== WHAT YOU SHOULD DO ==
For the entries below, print exactly the lines between the line holding "Y (topspace Y" and the line holding "using z z_eq uv by auto", inclusive, and nothing else.

== INFORMATION PROVIDED ==

=-=-=-=-=

definition is_base :: "'a topology \<Rightarrow> 'a set set \<Rightarrow> bool" where
  "is_base X \<B> \<longleftrightarrow> (\<forall>B\<in>\<B>. openin X B) \<and>
     (\<forall>U x. openin X U \<and> x \<in> U \<longrightarrow> (\<exists>B\<in>\<B>. x \<in> B \<and> B \<subseteq> U))"

definition has_discrete_clopen_basis :: "'a topology \<Rightarrow> 'c set \<Rightarrow> bool" where
  "has_discrete_clopen_basis X T \<longleftrightarrow>
     (\<exists>\<B> :: 'c \<Rightarrow> 'a set set. (\<forall>\<alpha>\<in>T. discrete_family X (\<B> \<alpha>)) \<and>
        is_base X (\<Union>\<alpha>\<in>T. \<B> \<alpha>) \<and>
        (\<forall>B \<in> (\<Union>\<alpha>\<in>T. \<B> \<alpha>). openin X B \<and> closedin X B))"

end

theory Submission
  imports Defs
begin

text \<open>Everything is checked on open rectangles. A point of an intersection of fewer than
  \<open>\<tau>\<close> open sets of \<open>X \<times> Y\<close> has, for each member, a rectangle inside it; the intersections of
  the sides are open in the factors, so their product is an open neighbourhood of the
  point inside the intersection, while a non-open intersection \<open>\<Inter>\<F>\<close> in \<open>X\<close> gives the
  non-open intersection \<open>(\<Inter>\<F>) \<times> Y\<close>. Products of members of a discrete family of \<open>X\<close> with
  members of one of \<open>Y\<close> form a discrete family, and since the \<open>P\<close>-number \<open>\<tau>\<close> is infinite
  the \<open>\<tau> \<times> \<tau>\<close> such families can be reindexed by \<open>\<tau>\<close>.\<close>

definition small_intersections_open :: "'a topology \<Rightarrow> 'c set \<Rightarrow> bool" where
  "small_intersections_open X T \<longleftrightarrow>
     (\<forall>\<F>. (\<forall>U\<in>\<F>. openin X U) \<and> ordLess2 (card_of \<F>) (card_of T)
        \<longrightarrow> openin X (topspace X \<inter> \<Inter>\<F>))"

lemma has_P_number_nondiscrete_iff:
  assumes "\<not> is_discrete_space X"
  shows "has_P_number X T \<longleftrightarrow> small_intersections_open X T \<and>
     (\<exists>\<F>. (\<forall>U\<in>\<F>. openin X U) \<and> ordLeq3 (card_of \<F>) (card_of T) \<and> \<not> openin X (topspace X \<inter> \<Inter>\<F>))"
  using assms unfolding has_P_number_def small_intersections_open_def by simp

lemma has_P_number_imp_infinite:
  assumes "\<not> is_discrete_space X" "has_P_number X T"
  shows "infinite T"
proof
  assume "finite T"
  from assms obtain \<F> where \<F>: "\<forall>U\<in>\<F>. openin X U" "ordLeq3 (card_of \<F>) (card_of T)"
      "\<not> openin X (topspace X \<inter> \<Inter>\<F>)"
    by (auto simp: has_P_number_nondiscrete_iff)
  have "finite \<F>" using \<F>(2) \<open>finite T\<close> card_of_ordLeq_finite by blast
  show False
  proof (cases "\<F> = {}")
    case True
    then show False using \<F>(3) by simp
  next
    case False
    then have "topspace X \<inter> \<Inter>\<F> = \<Inter>\<F>" using \<F>(1) openin_subset by blast
    moreover have "openin X (\<Inter>\<F>)" using False \<F>(1) \<open>finite \<F>\<close> by (intro openin_Inter) auto
    ultimately show False using \<F>(3) by simp
  qed
qed

lemma not_discrete_space_prod_topology:
  assumes "\<not> is_discrete_space X" "\<not> is_discrete_space Y"
  shows "\<not> is_discrete_space (prod_topology X Y)"
proof
  assume discrete: "is_discrete_space (prod_topology X Y)"
  from assms(1) obtain x where x: "x \<in> topspace X" "\<not> openin X {x}"
    unfolding is_discrete_space_def by auto
  from assms(2) obtain y where y: "y \<in> topspace Y"
    unfolding is_discrete_space_def by auto
  have "openin (prod_topology X Y) ({x} \<times> {y})"
    using discrete x y unfolding is_discrete_space_def by auto
  then show False using x(2) by (metis insert_not_empty openin_prod_Times_iff)
qed

lemma small_intersections_open_prod_topology:
  assumes X: "small_intersections_open X T" and Y: "small_intersections_open Y T"
  shows "small_intersections_open (prod_topology X Y) T"
  unfolding small_intersections_open_def
proof (intro allI impI)
  fix \<W> assume \<W>: "(\<forall>W\<in>\<W>. openin (prod_topology X Y) W) \<and> ordLess2 (card_of \<W>) (card_of T)"
  let ?I = "topspace (prod_topology X Y) \<inter> \<Inter>\<W>"
  show "openin (prod_topology X Y) ?I"
  proof (subst openin_subopen, intro ballI)
    fix z assume z: "z \<in> ?I"
    obtain x y where z_eq: "z = (x, y)" by (cases z)
    have "\<forall>W\<in>\<W>. \<exists>U V. openin X U \<and> openin Y V \<and> x \<in> U \<and> y \<in> V \<and> U \<times> V \<subseteq> W"
      using \<W> z z_eq by (auto simp: openin_prod_topology_alt)
    then obtain u v where uv: "\<And>W. W \<in> \<W> \<Longrightarrow>
        openin X (u W) \<and> openin Y (v W) \<and> x \<in> u W \<and> y \<in> v W \<and> u W \<times> v W \<subseteq> W"
      by metis
    have "ordLess2 (card_of (u ` \<W>)) (card_of T)" "ordLess2 (card_of (v ` \<W>)) (card_of T)"
      using card_of_image \<W> ordLeq_ordLess_trans by blast+
    then have "openin X (topspace X \<inter> \<Inter>(u ` \<W>))" "openin Y (topspace Y \<inter> \<Inter>(v ` \<W>))"
      using X Y uv unfolding small_intersections_open_def by auto
    then have "openin (prod_topology X Y) ((topspace X \<inter> \<Inter>(u ` \<W>)) \<times> (topspace Y \<inter> \<Inter>(v ` \<W>)))"
      by (simp add: openin_prod_Times_iff)
    moreover have "z \<in> (topspace X \<inter> \<Inter>(u ` \<W>)) \<times> (topspace Y \<inter> \<Inter>(v ` \<W>))"
      using z z_eq uv by auto
    moreover have "(topspace X \<inter> \<Inter>(u ` \<W>)) \<times> (topspace Y \<inter> \<Inter>(v ` \<W>)) \<subseteq> ?I"
    proof
      fix p assume p: "p \<in> (topspace X \<inter> \<Inter>(u ` \<W>)) \<times> (topspace Y \<inter> \<Inter>(v ` \<W>))"
      have "p \<in> W" if "W \<in> \<W>" for W
      proof -
        have "p \<in> u W \<times> v W" using p that by auto
        then show ?thesis using uv[OF that] by blast
      qed
      with p show "p \<in> ?I" by auto
    qed
    ultimately show "\<exists>V. openin (prod_topology X Y) V \<and> z \<in> V \<and> V \<subseteq> ?I"
      by blast
  qed
qed

lemma not_openin_Inter_prod_topology:
  assumes "\<not> openin X (topspace X \<inter> \<Inter>\<F>)" "topspace Y \<noteq> {}"
  shows "\<not> openin (prod_topology X Y)
           (topspace (prod_topology X Y) \<inter> \<Inter>((\<lambda>U. U \<times> topspace Y) ` \<F>))"
proof -
  have "topspace (prod_topology X Y) \<inter> \<Inter>((\<lambda>U. U \<times> topspace Y) ` \<F>)
      = (topspace X \<inter> \<Inter>\<F>) \<times> topspace Y"
    by auto
  then show ?thesis
    using assms openin_prod_Times_iff by (metis openin_empty)
qed

lemma has_P_number_prod_topology:
  assumes "\<not> is_discrete_space X" "\<not> is_discrete_space Y"
    and "has_P_number X T" "has_P_number Y T"
  shows "has_P_number (prod_topology X Y) T"
proof -
  from assms(1,3) obtain \<F> where \<F>: "\<forall>U\<in>\<F>. openin X U" "ordLeq3 (card_of \<F>) (card_of T)"
      "\<not> openin X (topspace X \<inter> \<Inter>\<F>)"
    by (auto simp: has_P_number_nondiscrete_iff)
  define \<G> where "\<G> = (\<lambda>U. U \<times> topspace Y) ` \<F>"
  have "\<forall>W\<in>\<G>. openin (prod_topology X Y) W"
    using \<F>(1) by (auto simp: \<G>_def openin_prod_Times_iff)
  moreover have "ordLeq3 (card_of \<G>) (card_of T)"
    unfolding \<G>_def using card_of_image \<F>(2) ordLeq_transitive by blast
  moreover have "topspace Y \<noteq> {}"
    using assms(2) unfolding is_discrete_space_def by auto
  then have "\<not> openin (prod_topology X Y) (topspace (prod_topology X Y) \<inter> \<Inter>\<G>)"
    unfolding \<G>_def using \<F>(3) by (rule not_openin_Inter_prod_topology[rotated])
  moreover have "small_intersections_open (prod_topology X Y) T"
    using assms by (intro small_intersections_open_prod_topology) (simp_all add: has_P_number_nondiscrete_iff)
  ultimately show ?thesis
    using not_discrete_space_prod_topology[OF assms(1,2)] has_P_number_nondiscrete_iff by blast
qed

=-=-=-=-=

== OUTPUT FOR THIS TASK ==
    then have "openin X (topspace X \<inter> \<Inter>(u ` \<W>))" "openin Y (topspace Y \<inter> \<Inter>(v ` \<W>))"
      using X Y uv unfolding small_intersections_open_def by auto
    then have "openin (prod_topology X Y) ((topspace X \<inter> \<Inter>(u ` \<W>)) \<times> (topspace Y \<inter> \<Inter>(v ` \<W>)))"
      by (simp add: openin_prod_Times_iff)
    moreover have "z \<in> (topspace X \<inter> \<Inter>(u ` \<W>)) \<times> (topspace Y \<inter> \<Inter>(v ` \<W>))"
      using z z_eq uv by auto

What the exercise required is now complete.